> [Activity]: Start at the line below containing "br \<Longrightarrow> A" and stop at the line containing "unfolding I_def using thick_ideal_iso_iff[OF ideal]". Repeat every line of that stretch exactly, and nothing outside it.

> [Input data]:
(* Let $X_T>0$ be integrable with density $p$, independent of a standard gamma bridge $\{\gamma_{tT}\}$ with parameter $m>0$, $\xi_t=X_T\gamma_{tT}$, and let $P_{0t},P_{tT}>0$ be deterministic discount factors. Fix $0<t<T$ and $K>0$, and let $$S(t,y)=P_{tT}\frac{\int_y^\infty p(x)x^{2-mT}(x-y)^{m(T-t)-1}dx}{\int_y^\infty p(x)x^{1-mT}(x-y)^{m(T-t)-1}dx},$$ so that $S_t=S(t,\xi_t)$ (with $S_t=P_{tT}\mathbb E[X_T\mid\sigma(\xi_u,u\le t)]$). Suppose there is $y^*\ge0$ such that $S(t,y)\ge K$ for every $y>y^*$ and $S(t,y)\le K$ for every $0<y<y^*$ (wherever the denominator is positive). Then $$C_{0t}:=P_{0t}\,\mathbb E[(S_t-K)^+]=P_{0t}\int_{y^*}^\infty p(x)\,(xP_{tT}-K)\,\mathcal B_{mt,m(T-t)}(y^*/x)\,dx,$$ where for $a,b>0$ and $0\le u\le1$, $\mathcal B_{a,b}(u)=\frac{\int_u^1 z^{a-1}(1-z)^{b-1}dz}{\int_0^1 z^{a-1}(1-z)^{b-1}dz}$ is the complementary beta distribution function.
   Context: A standard gamma process with growth rate $m>0$ on a probability space $(\Omega,\mathcal F,\mathbb Q)$ is a process $\{\gamma_t\}_{t\ge0}$ with $\gamma_0=0$ and independent increments, such that for $0\le s<t$ the increment $\gamma_t-\gamma_s$ has the gamma density $\mathbf 1_{\{x>0\}}x^{m(t-s)-1}e^{-x}/\Gamma[m(t-s)]$. A standard gamma bridge over $[0,T]$ with parameter $m$ is any process with the law of $\{\gamma_t/\gamma_T\}_{0\le t\le T}$ for such a gamma process. *)

theory Defs
  imports "HOL-Probability.Probability"
begin

definition gamma_density :: "real \<Rightarrow> real \<Rightarrow> real" where
  "gamma_density a x = (if x > 0 then x powr (a - 1) * exp (- x) / Gamma a else 0)"

definition gamma_process :: "'a measure \<Rightarrow> real \<Rightarrow> (real \<Rightarrow> 'a \<Rightarrow> real) \<Rightarrow> bool" where
  "gamma_process M m g \<longleftrightarrow>
     prob_space M \<and>
     (\<forall>t\<ge>0. g t \<in> borel_measurable M) \<and>
     (AE \<omega> in M. g 0 \<omega> = 0) \<and>
     (\<forall>s t. 0 \<le> s \<and> s < t \<longrightarrow>
        distributed M lborel (\<lambda>\<omega>. g t \<omega> - g s \<omega>)
          (\<lambda>x. ennreal (gamma_density (m * (t - s)) x))) \<and>
     (\<forall>ts :: real list. sorted ts \<and> distinct ts \<and> (\<forall>x\<in>set ts. 0 \<le> x) \<longrightarrow>
        prob_space.indep_vars M (\<lambda>_. borel)
          (\<lambda>i \<omega>. g (ts ! Suc i) \<omega> - g (ts ! i) \<omega>) {..<length ts - 1})"

definition path_on :: "real \<Rightarrow> (real \<Rightarrow> 'a \<Rightarrow> real) \<Rightarrow> 'a \<Rightarrow> (real \<Rightarrow> real)" where
  "path_on T b \<omega> = (\<lambda>t\<in>{0..T}. b t \<omega>)"

text \<open>Standard gamma bridge over [0,T] with parameter m: any process on M whose law
  (on the product sigma-algebra of paths over [0,T]) equals the law of
  gamma_t / gamma_T for a standard gamma process gamma with growth rate m
  (realised on some probability space, here on the canonical path type).\<close>
definition gamma_bridge :: "'a measure \<Rightarrow> real \<Rightarrow> real \<Rightarrow> (real \<Rightarrow> 'a \<Rightarrow> real) \<Rightarrow> bool" where
  "gamma_bridge M m T b \<longleftrightarrow>
     (\<forall>t\<in>{0..T}. b t \<in> borel_measurable M) \<and>
     (\<exists>(N :: (real \<Rightarrow> real) measure) g. gamma_process N m g \<and>
        distr M (Pi\<^sub>M {0..T} (\<lambda>_. borel)) (path_on T b) =
        distr N (Pi\<^sub>M {0..T} (\<lambda>_. borel)) (path_on T (\<lambda>t \<omega>. g t \<omega> / g T \<omega>)))"

definition S_num :: "real \<Rightarrow> real \<Rightarrow> (real \<Rightarrow> real) \<Rightarrow> real \<Rightarrow> real \<Rightarrow> real" where
  "S_num m T p t y = set_lebesgue_integral lborel {y<..}
     (\<lambda>x. p x * x powr (2 - m * T) * (x - y) powr (m * (T - t) - 1))"

definition S_den :: "real \<Rightarrow> real \<Rightarrow> (real \<Rightarrow> real) \<Rightarrow> real \<Rightarrow> real \<Rightarrow> real" where
  "S_den m T p t y = set_lebesgue_integral lborel {y<..}
     (\<lambda>x. p x * x powr (1 - m * T) * (x - y) powr (m * (T - t) - 1))"

definition S_fun :: "real \<Rightarrow> real \<Rightarrow> real \<Rightarrow> (real \<Rightarrow> real) \<Rightarrow> real \<Rightarrow> real \<Rightarrow> real" where
  "S_fun m T PtT p t y = PtT * S_num m T p t y / S_den m T p t y"

definition beta_compl :: "real \<Rightarrow> real \<Rightarrow> real \<Rightarrow> real" where
  "beta_compl a b u =
     set_lebesgue_integral lborel {u..1} (\<lambda>z. z powr (a - 1) * (1 - z) powr (b - 1)) /
     set_lebesgue_integral lborel {0..1} (\<lambda>z. z powr (a - 1) * (1 - z) powr (b - 1))"

text \<open>Independence of two random variables with possibly different value types
  (the right-hand side of the library lemma prob_space.indep_var_eq, which the
  library's indep_var can only state for equal value types).\<close>
definition indep_rv :: "'a measure \<Rightarrow> 'b measure \<Rightarrow> ('a \<Rightarrow> 'b) \<Rightarrow> 'c measure \<Rightarrow> ('a \<Rightarrow> 'c) \<Rightarrow> bool" where
  "indep_rv M S X T Y \<longleftrightarrow>
     X \<in> measurable M S \<and> Y \<in> measurable M T \<and>
     prob_space.indep_set M
       (sigma_sets (space M) { X -` A \<inter> space M | A. A \<in> sets S})
       (sigma_sets (space M) { Y -` A \<inter> space M | A. A \<in> sets T})"

end

theory Submission
  imports Defs
begin

text \<open>
  The proof rests on three facts.
  (1) gamma_tT has the beta law with parameters m t and m (T - t): it equals G1 / (G1 + G2)
      for the independent gamma increments of the underlying gamma process over [0, t] and
      [t, T].  Hence (X_T, gamma_tT) has the product density p(x) beta(u).
  (2) For X with density q on (0, \<infinity>) and U beta(a, c) independent of X, the substitution
      y = x u gives E[w(X) G(X U)] = \<integral> G(y) product_weight(y) product_kernel(q w)(y) dy,
      where product_weight is a power of y and product_kernel r is an integral transform of r.
      For w = 1 and w x = x the kernels are the denominator and numerator of S(t, y), so
      S(t, xi_t) is P_tT times the conditional mean of X_T given xi_t.
  (3) Splitting the payoff pointwise along the exercise boundary y* gives
      E[(S_t - K)^+] + K P(xi_t > y* ) = P_tT E[X_T; xi_t > y*], and by the same mixture
      argument both tail terms are integrals of p against the complementary beta function.
\<close>

section \<open>The beta density\<close>

definition beta_density :: "real \<Rightarrow> real \<Rightarrow> real \<Rightarrow> real" where
  "beta_density a c u = indicator {0<..<1} u * u powr (a - 1) * (1 - u) powr (c - 1) / Beta a c"

lemma Beta_pos: "a > 0 \<Longrightarrow> c > 0 \<Longrightarrow> Beta a c > (0::real)"
  by (simp add: Beta_def)

lemma beta_density_nonneg: "a > 0 \<Longrightarrow> c > 0 \<Longrightarrow> beta_density a c u \<ge> 0"
  using Beta_pos[of a c] by (simp add: beta_density_def)

lemma beta_density_measurable [measurable]: "beta_density a c \<in> borel_measurable borel"
  unfolding beta_density_def by measurable

lemma gamma_density_measurable [measurable]: "gamma_density a \<in> borel_measurable borel"
  unfolding gamma_density_def by measurable

lemma gamma_density_nonneg: "a > 0 \<Longrightarrow> gamma_density a x \<ge> 0"
  by (simp add: gamma_density_def)

lemma nn_integral_lborel_shift:
  fixes f :: "real \<Rightarrow> ennreal" assumes [measurable]: "f \<in> borel_measurable borel"
  shows "(\<integral>\<^sup>+y. f y \<partial>lborel) = (\<integral>\<^sup>+u. f (u - x) \<partial>lborel)"
  using nn_integral_real_affine[of f 1 "-x"] by simp

lemma nn_integral_lborel_scale:
  fixes f :: "real \<Rightarrow> ennreal" assumes [measurable]: "f \<in> borel_measurable borel" and c: "c > 0"
  shows "(\<integral>\<^sup>+y. f y \<partial>lborel) = ennreal c * (\<integral>\<^sup>+z. f (c * z) \<partial>lborel)"
  using nn_integral_real_affine[of f c 0] c by simp

text \<open>The inner integral of the beta-gamma computation: after the substitution x = u z,
  the integral over x < u factors into a power of u and a beta-type integral in z.\<close>
lemma gamma_convolution_slice:
  fixes h :: "real \<Rightarrow> ennreal"
  assumes h [measurable]: "h \<in> borel_measurable borel" and u: "u > 0"
  shows "(\<integral>\<^sup>+x. ennreal (indicator {0<..<u} x * x powr (a - 1) * (u - x) powr (c - 1)) * h (x / u) \<partial>lborel)
       = ennreal (u powr (a + c - 1)) *
         (\<integral>\<^sup>+z. ennreal (indicator {0<..<1} z * z powr (a - 1) * (1 - z) powr (c - 1)) * h z \<partial>lborel)"
proof -
  have powers: "(u * z) powr (a - 1) * (u - u * z) powr (c - 1) * u
      = u powr (a + c - 1) * (z powr (a - 1) * (1 - z) powr (c - 1))" if "0 < z" "z < 1" for z
  proof -
    have "u - u * z = u * (1 - z)" by (simp add: algebra_simps)
    then have "(u * z) powr (a - 1) * (u - u * z) powr (c - 1) * u
        = (u powr (a - 1) * u powr (c - 1) * u powr 1) * (z powr (a - 1) * (1 - z) powr (c - 1))"
      using u that by (simp add: powr_mult)
    also have "u powr (a - 1) * u powr (c - 1) * u powr 1 = u powr ((a - 1) + (c - 1) + 1)"
      by (simp only: powr_add)
    also have "(a - 1) + (c - 1) + 1 = a + c - 1"
      by simp
    finally show ?thesis .
  qed
  have "(\<integral>\<^sup>+x. ennreal (indicator {0<..<u} x * x powr (a - 1) * (u - x) powr (c - 1)) * h (x / u) \<partial>lborel)
      = ennreal u * (\<integral>\<^sup>+z. ennreal (indicator {0<..<u} (u * z) * (u * z) powr (a - 1) * (u - u * z) powr (c - 1)) * h (u * z / u) \<partial>lborel)"
    by (rule nn_integral_lborel_scale) (use u in auto)
  also have "\<dots> = (\<integral>\<^sup>+z. ennreal (u powr (a + c - 1)) *
        (ennreal (indicator {0<..<1} z * z powr (a - 1) * (1 - z) powr (c - 1)) * h z) \<partial>lborel)"
  proof (subst nn_integral_cmult[symmetric], simp, intro nn_integral_cong)
    fix z :: real
    have "0 < u * z \<and> u * z < u \<longleftrightarrow> 0 < z \<and> z < 1"
      using u by (auto simp: zero_less_mult_iff)
    moreover have "ennreal u * (ennreal ((u * z) powr (a - 1) * (u - u * z) powr (c - 1)) * h z)
        = ennreal (u powr (a + c - 1)) * (ennreal (z powr (a - 1) * (1 - z) powr (c - 1)) * h z)"
      if "0 < z" "z < 1"
    proof -
      have "ennreal u * ennreal ((u * z) powr (a - 1) * (u - u * z) powr (c - 1))
          = ennreal (u powr (a + c - 1)) * ennreal (z powr (a - 1) * (1 - z) powr (c - 1))"
        using u powers[OF that] by (simp add: ennreal_mult'[symmetric] mult.commute)
      then show ?thesis by (simp only: mult.assoc[symmetric])
    qed
    ultimately show "ennreal u * (ennreal (indicator {0<..<u} (u * z) * (u * z) powr (a - 1) * (u - u * z) powr (c - 1)) * h (u * z / u))
        = ennreal (u powr (a + c - 1)) * (ennreal (indicator {0<..<1} z * z powr (a - 1) * (1 - z) powr (c - 1)) * h z)"
      using u by (auto simp: indicator_def)
  qed
  also have "\<dots> = ennreal (u powr (a + c - 1)) *
        (\<integral>\<^sup>+z. ennreal (indicator {0<..<1} z * z powr (a - 1) * (1 - z) powr (c - 1)) * h z \<partial>lborel)"
    by (rule nn_integral_cmult) auto
  finally show ?thesis .
qed
lemma ex_prime_ideal_not_containing:
  assumes A: "A \<in> Obj K" and not_nilpotent: "A \<notin> nilpotent_objs K"
  shows "\<exists>P. prime_ideal K P \<and> A \<notin> P"
proof -
  define \<A> where "\<A> = {P. thick_ideal K P \<and> (\<forall>n\<ge>1. tpow K A n \<notin> P)}"
  have "tpow K A n \<notin> {X \<in> Obj K. is_zero_obj K X}" if "n \<ge> 1" for n
  proof
    assume "tpow K A n \<in> {X \<in> Obj K. is_zero_obj K X}"
    then have "is_zero_obj K (tpow K A n) \<and> isomorphic K (tpow K A n) (tpow K A n)"
      using isomorphic_refl by blast
    then show False using not_nilpotent A that unfolding nilpotent_objs_def by blast
  qed
  then have zero_objs: "{X \<in> Obj K. is_zero_obj K X} \<in> \<A>"
    unfolding \<A>_def using thick_ideal_zero_objs by blast
  have chains: "\<Union>\<C> \<in> \<A>" if "\<C> \<noteq> {}" and "subset.chain \<A> \<C>" for \<C>
  proof -
    have sub: "\<C> \<subseteq> \<A>" and chain: "\<And>P Q. P \<in> \<C> \<Longrightarrow> Q \<in> \<C> \<Longrightarrow> P \<subseteq> Q \<or> Q \<subseteq> P"
      using that(2) unfolding subset_chain_def by blast+
    have "thick_ideal K (\<Union>\<C>)"
      using thick_ideal_Union_chain[OF that(1) _ chain] sub unfolding \<A>_def by blast
    then show ?thesis using sub unfolding \<A>_def by blast
  qed
  obtain P where "P \<in> \<A>" and maximal_in: "\<forall>Q \<in> \<A>. P \<subseteq> Q \<longrightarrow> Q = P"
    using subset_Zorn_nonempty[OF _ chains] zero_objs by blast
  then have P: "thick_ideal K P" and avoids: "\<And>n. n \<ge> 1 \<Longrightarrow> tpow K A n \<notin> P"
    unfolding \<A>_def by blast+
  have maximal: "Q = P" if "thick_ideal K Q" and "\<forall>n\<ge>1. tpow K A n \<notin> Q" and "P \<subseteq> Q" for Q
    using maximal_in that unfolding \<A>_def by blast
  have "prime_ideal K P"
    using prime_ideal_if_maximal_avoiding_powers[OF A P avoids maximal] .
  moreover have "A \<notin> P"
    using avoids[of 1] thick_ideal_tensor_right[OF P _ unit_obj] by auto
  ultimately show ?thesis by blast
qed

lemma prime_radical_subset_nilpotent_objs: "prime_radical K \<subseteq> nilpotent_objs K"
  unfolding prime_radical_def using ex_prime_ideal_not_containing by blast

end

section \<open>Completely prime ideals\<close>

context monoidal_triangulated
begin

lemma unit_notin_proper_thick_ideal:
  assumes P: "thick_ideal K P" and proper: "P \<noteq> Obj K"
  shows "unitO K \<notin> P"
proof
  assume "unitO K \<in> P"
  then have "B \<in> P" if "B \<in> Obj K" for B
    using thick_ideal_tensor_right[OF P _ that] thick_ideal_iso_iff[OF P lunit_isomorphic[OF that]] by blast
  then show False using proper thick_ideal_Obj[OF P] by blast
qed

lemma completely_prime_ideal_tpow:
  assumes P: "completely_prime_ideal K P" and A: "A \<in> Obj K"
  shows "n \<ge> 1 \<Longrightarrow> tpow K A n \<in> P \<Longrightarrow> A \<in> P"
proof (induction n)
  case 0
  then show ?case by simp
next
  case (Suc n)
  have "A \<in> P \<or> tpow K A n \<in> P"
    using Suc.prems(2) P A tpow_obj[OF A] unfolding completely_prime_ideal_def by simp
  moreover have "tpow K A 0 \<notin> P"
    using P unit_notin_proper_thick_ideal unfolding completely_prime_ideal_def by simp
  ultimately show ?case using Suc.IH by (cases n) auto
qed

lemma nilpotent_objs_subset_cp_radical: "nilpotent_objs K \<subseteq> cp_radical K"
proof
  fix A assume "A \<in> nilpotent_objs K"
  then obtain n Z where A: "A \<in> Obj K" and n: "n \<ge> 1" and Z: "is_zero_obj K Z"
    and nil: "isomorphic K (tpow K A n) Z"
    unfolding nilpotent_objs_def by blast
  have "A \<in> P" if P: "completely_prime_ideal K P" for P
  proof -
    have ideal: "thick_ideal K P" using P unfolding completely_prime_ideal_def by blast
    have "Z \<in> P" using thick_subcategory_zero_obj[OF thick_ideal_thick_subcategory[OF ideal] Z] .
    then have "tpow K A n \<in> P" using thick_ideal_iso_iff[OF ideal nil] by blast
    then show ?thesis using completely_prime_ideal_tpow[OF P A n] by blast
  qed
  then show "A \<in> cp_radical K" unfolding cp_radical_def using A by blast
qed

lemma braiding_isomorphic:
  "is_symmetric K br \<Longrightarrow> A \<in> Obj K \<Longrightarrow> B \<in> Obj K \<Longrightarrow> isomorphic K (tenO K A B) (tenO K B A)"
  unfolding is_symmetric_def using is_iso_imp_isomorphic by blast

text \<open>For \<open>A \<otimes> B \<in> P\<close> the braiding makes \<open>I = {X. X \<otimes> B \<in> P}\<close> an ideal; primality applied to
  \<open>I \<otimes> {Y. I \<otimes> Y \<subseteq> P} \<subseteq> P\<close> puts \<open>A \<in> I\<close> or \<open>B\<close> into \<open>P\<close>.\<close>
lemma completely_prime_if_prime:
  assumes br: "is_symmetric K br" and P: "prime_ideal K P"
  shows "completely_prime_ideal K P"
proof -
  have ideal: "thick_ideal K P" and proper: "P \<noteq> Obj K"
    and prime: "\<And>I J. thick_ideal K I \<Longrightarrow> thick_ideal K J \<Longrightarrow> ideal_tensor K I J \<subseteq> P \<Longrightarrow> I \<subseteq> P \<or> J \<subseteq> P"
    using P unfolding prime_ideal_def by blast+
  have "A \<in> P \<or> B \<in> P" if A: "A \<in> Obj K" and B: "B \<in> Obj K" and AB: "tenO K A B \<in> P" for A B
  proof -
    define I where "I = {X \<in> Obj K. tenO K X B \<in> P}"
    have "thick_subcategory K I"
      unfolding I_def using exact_functor.thick_subcategory_preimage[OF exact_functor_tensor_right[OF B]
        thick_ideal_thick_subcategory[OF ideal]] .
    moreover have "tenO K X C \<in> I \<and> tenO K C X \<in> I" if X: "X \<in> I" and C: "C \<in> Obj K" for X C
    proof
      have X_obj: "X \<in> Obj K" and XB: "tenO K X B \<in> P" using X unfolding I_def by blast+
      have "isomorphic K (tenO K (tenO K X C) B) (tenO K X (tenO K B C))"
        using isomorphic_trans[OF assoc_isomorphic[OF X_obj C B]
            isomorphic_tensor_left[OF X_obj braiding_isomorphic[OF br C B]]] .
      moreover have "tenO K X (tenO K B C) \<in> P"
        using thick_ideal_iso_iff[OF ideal assoc_isomorphic[OF X_obj B C]]
          thick_ideal_tensor_right[OF ideal XB C] by blast
      ultimately show "tenO K X C \<in> I"
        unfolding I_def using thick_ideal_iso_iff[OF ideal] tensor_obj X_obj C by blast
      have "tenO K C (tenO K X B) \<in> P" using thick_ideal_tensor_left[OF ideal XB C] .
      then show "tenO K C X \<in> I"
        unfolding I_def using thick_ideal_iso_iff[OF ideal assoc_isomorphic[OF C X_obj B]] tensor_obj X_obj C
        by blast
    qed
    ultimately have I: "thick_ideal K I" unfolding thick_ideal_iff by blast
    have I_obj: "I \<subseteq> Obj K" unfolding I_def by blast
    define J where "J = {Y \<in> Obj K. \<forall>X \<in> I. tenO K X Y \<in> P}"
    have J: "thick_ideal K J"
      unfolding J_def by (rule thick_ideal_right_residual[OF ideal I_obj thick_ideal_tensor_right[OF I]])
    have "ideal_tensor K I J \<subseteq> P" unfolding ideal_tensor_def J_def by blast
    then have "I \<subseteq> P \<or> J \<subseteq> P" using prime[OF I J] by blast
    moreover have "A \<in> I" and "B \<in> J" unfolding I_def J_def using A B AB by blast+
    ultimately show ?thesis by blast
  qed
  then show ?thesis unfolding completely_prime_ideal_def using ideal proper by blast
qed

lemma cp_radical_subset_prime_radical: "is_symmetric K br \<Longrightarrow> cp_radical K \<subseteq> prime_radical K"
  unfolding cp_radical_def prime_radical_def using completely_prime_if_prime by blast

end

theorem mainTheorem13:
  fixes K :: "('o, 'm) mdc"
  assumes "is_MDC K"
  shows "prime_radical K \<subseteq> nilpotent_objs K \<and>
         ((\<exists>P. completely_prime_ideal K P) \<longrightarrow>
            prime_radical K \<subseteq> nilpotent_objs K \<and> nilpotent_objs K \<subseteq> cp_radical K) \<and>
         ((\<exists>br. is_symmetric K br) \<longrightarrow>
            prime_radical K = nilpotent_objs K \<and> nilpotent_objs K = cp_radical K)"
proof -
  interpret monoidal_triangulated K
    using assms by unfold_locales (simp_all add: is_MDC_def)
  show ?thesis
    using prime_radical_subset_nilpotent_objs nilpotent_objs_subset_cp_radical
      cp_radical_subset_prime_radical by blast
qed

end
(* Let $\alpha\in[0,1)$. The feedback capacity of the POST($\alpha$) channel equals the capacity of the memoryless $Z$ channel with parameter $\alpha$, namely $C_{fb}=-\log_2 c$, where $c=\left(1+\bar\alpha\,\alpha^{\alpha/\bar\alpha}\right)^{-1}$ and $\bar\alpha=1-\alpha$.
   Context: The POST($\alpha$) channel has binary inputs $X_i$ and binary outputs $Y_i$, with the previous output $Y_{i-1}$ serving as channel state (initial state $Y_0=s_0\in\{0,1\}$): if $X_i=Y_{i-1}$ then $Y_i=X_i$; otherwise $Y_i=X_i\oplus Z_i$, where $Z_i$ are i.i.d. Bernoulli($\alpha$) independent of everything else. Equivalently, when $y_{i-1}=0$ it acts as a $Z$ channel ($P(Y=0|X=0)=1$, $P(Y=0|X=1)=\alpha$) and when $y_{i-1}=1$ as the mirror-image $S$ channel ($P(Y=1|X=1)=1$, $P(Y=1|X=0)=\alpha$). Feedback capacity is the operational capacity when the encoder observes all past outputs; $0^0=1$. *)

theory Defs
  imports Complex_Main
begin

text \<open>Real power with the convention 0^0 = 1 (Isabelle's powr has 0 powr 0 = 0).\<close>
definition pw :: "real \<Rightarrow> real \<Rightarrow> real" where
  "pw x y = (if x = 0 then (if y = 0 then 1 else 0) else x powr y)"
(* There is an absolute constant $C<\infty$ such that for every $n\ge1$, $\|M_{\mathrm{Sen}(\mathcal S)}\|_{2\to2}\le C\,\|M_{\mathrm{Sen}(\mathcal N)}\|_{2\to2}$.
   Context: Let $\mathbb{I}^n=\{0,1\}^n$ with Hamming distance $d$, and $V=\mathbb{R}^{\mathbb{I}^n}$ with $\|f\|_2=(\sum_x f(x)^2)^{1/2}$. For $0\le k\le n$, $(S_kf)(x)=\binom{n}{k}^{-1}\sum_{y:\,d(x,y)=k}f(y)$. For a family $\mathcal A$ of linear operators on $V$, $(M_{\mathcal A}f)(x)=\sup_{A\in\mathcal A}(Af)(x)$. $\mathcal S=\{S_k\}_{k=0}^n$ and $\mathrm{Sen}(\mathcal S)_k=\frac{1}{k+1}\sum_{\ell=0}^kS_\ell$ for $0\le k\le n$. For real $t\ge0$, with $p=(1-e^{-t})/2$, the noise operator is $N_t=\sum_{k=0}^n\binom nk p^k(1-p)^{n-k}S_k$, and $\mathrm{Sen}(\mathcal N)=\{\mathrm{Sen}(\mathcal N)_T\}_{T\ge0}$ with $\mathrm{Sen}(\mathcal N)_T=\frac1T\int_0^TN_t\,dt$ for $T>0$ and $\mathrm{Sen}(\mathcal N)_0=N_0=$ identity (the limit as $T\downarrow0$). For a sublinear operator $M$, $\|M\|_{2\to2}=\sup_{f\ne0}\|Mf\|_2/\|f\|_2$. *)

theory Defs
  imports "HOL-Analysis.Analysis"
begin

text \<open>The discrete cube {0,1}^n, realised as boolean lists of length n.
  Functions on the cube are functions bool list => real; only their values on
  the cube matter.\<close>

definition cube :: "nat \<Rightarrow> bool list set" where
  "cube n = {xs. length xs = n}"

> [Worked solution]:
  "is_symmetric K br \<Longrightarrow> A \<in> Obj K \<Longrightarrow> B \<in> Obj K \<Longrightarrow> isomorphic K (tenO K A B) (tenO K B A)"
  unfolding is_symmetric_def using is_iso_imp_isomorphic by blast

text \<open>For \<open>A \<otimes> B \<in> P\<close> the braiding makes \<open>I = {X. X \<otimes> B \<in> P}\<close> an ideal; primality applied to
  \<open>I \<otimes> {Y. I \<otimes> Y \<subseteq> P} \<subseteq> P\<close> puts \<open>A \<in> I\<close> or \<open>B\<close> into \<open>P\<close>.\<close>
lemma completely_prime_if_prime:
  assumes br: "is_symmetric K br" and P: "prime_ideal K P"
  shows "completely_prime_ideal K P"
proof -
  have ideal: "thick_ideal K P" and proper: "P \<noteq> Obj K"
    and prime: "\<And>I J. thick_ideal K I \<Longrightarrow> thick_ideal K J \<Longrightarrow> ideal_tensor K I J \<subseteq> P \<Longrightarrow> I \<subseteq> P \<or> J \<subseteq> P"
    using P unfolding prime_ideal_def by blast+
  have "A \<in> P \<or> B \<in> P" if A: "A \<in> Obj K" and B: "B \<in> Obj K" and AB: "tenO K A B \<in> P" for A B
  proof -
    define I where "I = {X \<in> Obj K. tenO K X B \<in> P}"
    have "thick_subcategory K I"
      unfolding I_def using exact_functor.thick_subcategory_preimage[OF exact_functor_tensor_right[OF B]
        thick_ideal_thick_subcategory[OF ideal]] .
    moreover have "tenO K X C \<in> I \<and> tenO K C X \<in> I" if X: "X \<in> I" and C: "C \<in> Obj K" for X C
    proof
      have X_obj: "X \<in> Obj K" and XB: "tenO K X B \<in> P" using X unfolding I_def by blast+
      have "isomorphic K (tenO K (tenO K X C) B) (tenO K X (tenO K B C))"
        using isomorphic_trans[OF assoc_isomorphic[OF X_obj C B]
            isomorphic_tensor_left[OF X_obj braiding_isomorphic[OF br C B]]] .
      moreover have "tenO K X (tenO K B C) \<in> P"
        using thick_ideal_iso_iff[OF ideal assoc_isomorphic[OF X_obj B C]]
          thick_ideal_tensor_right[OF ideal XB C] by blast
      ultimately show "tenO K X C \<in> I"
        unfolding I_def using thick_ideal_iso_iff[OF ideal] tensor_obj X_obj C by blast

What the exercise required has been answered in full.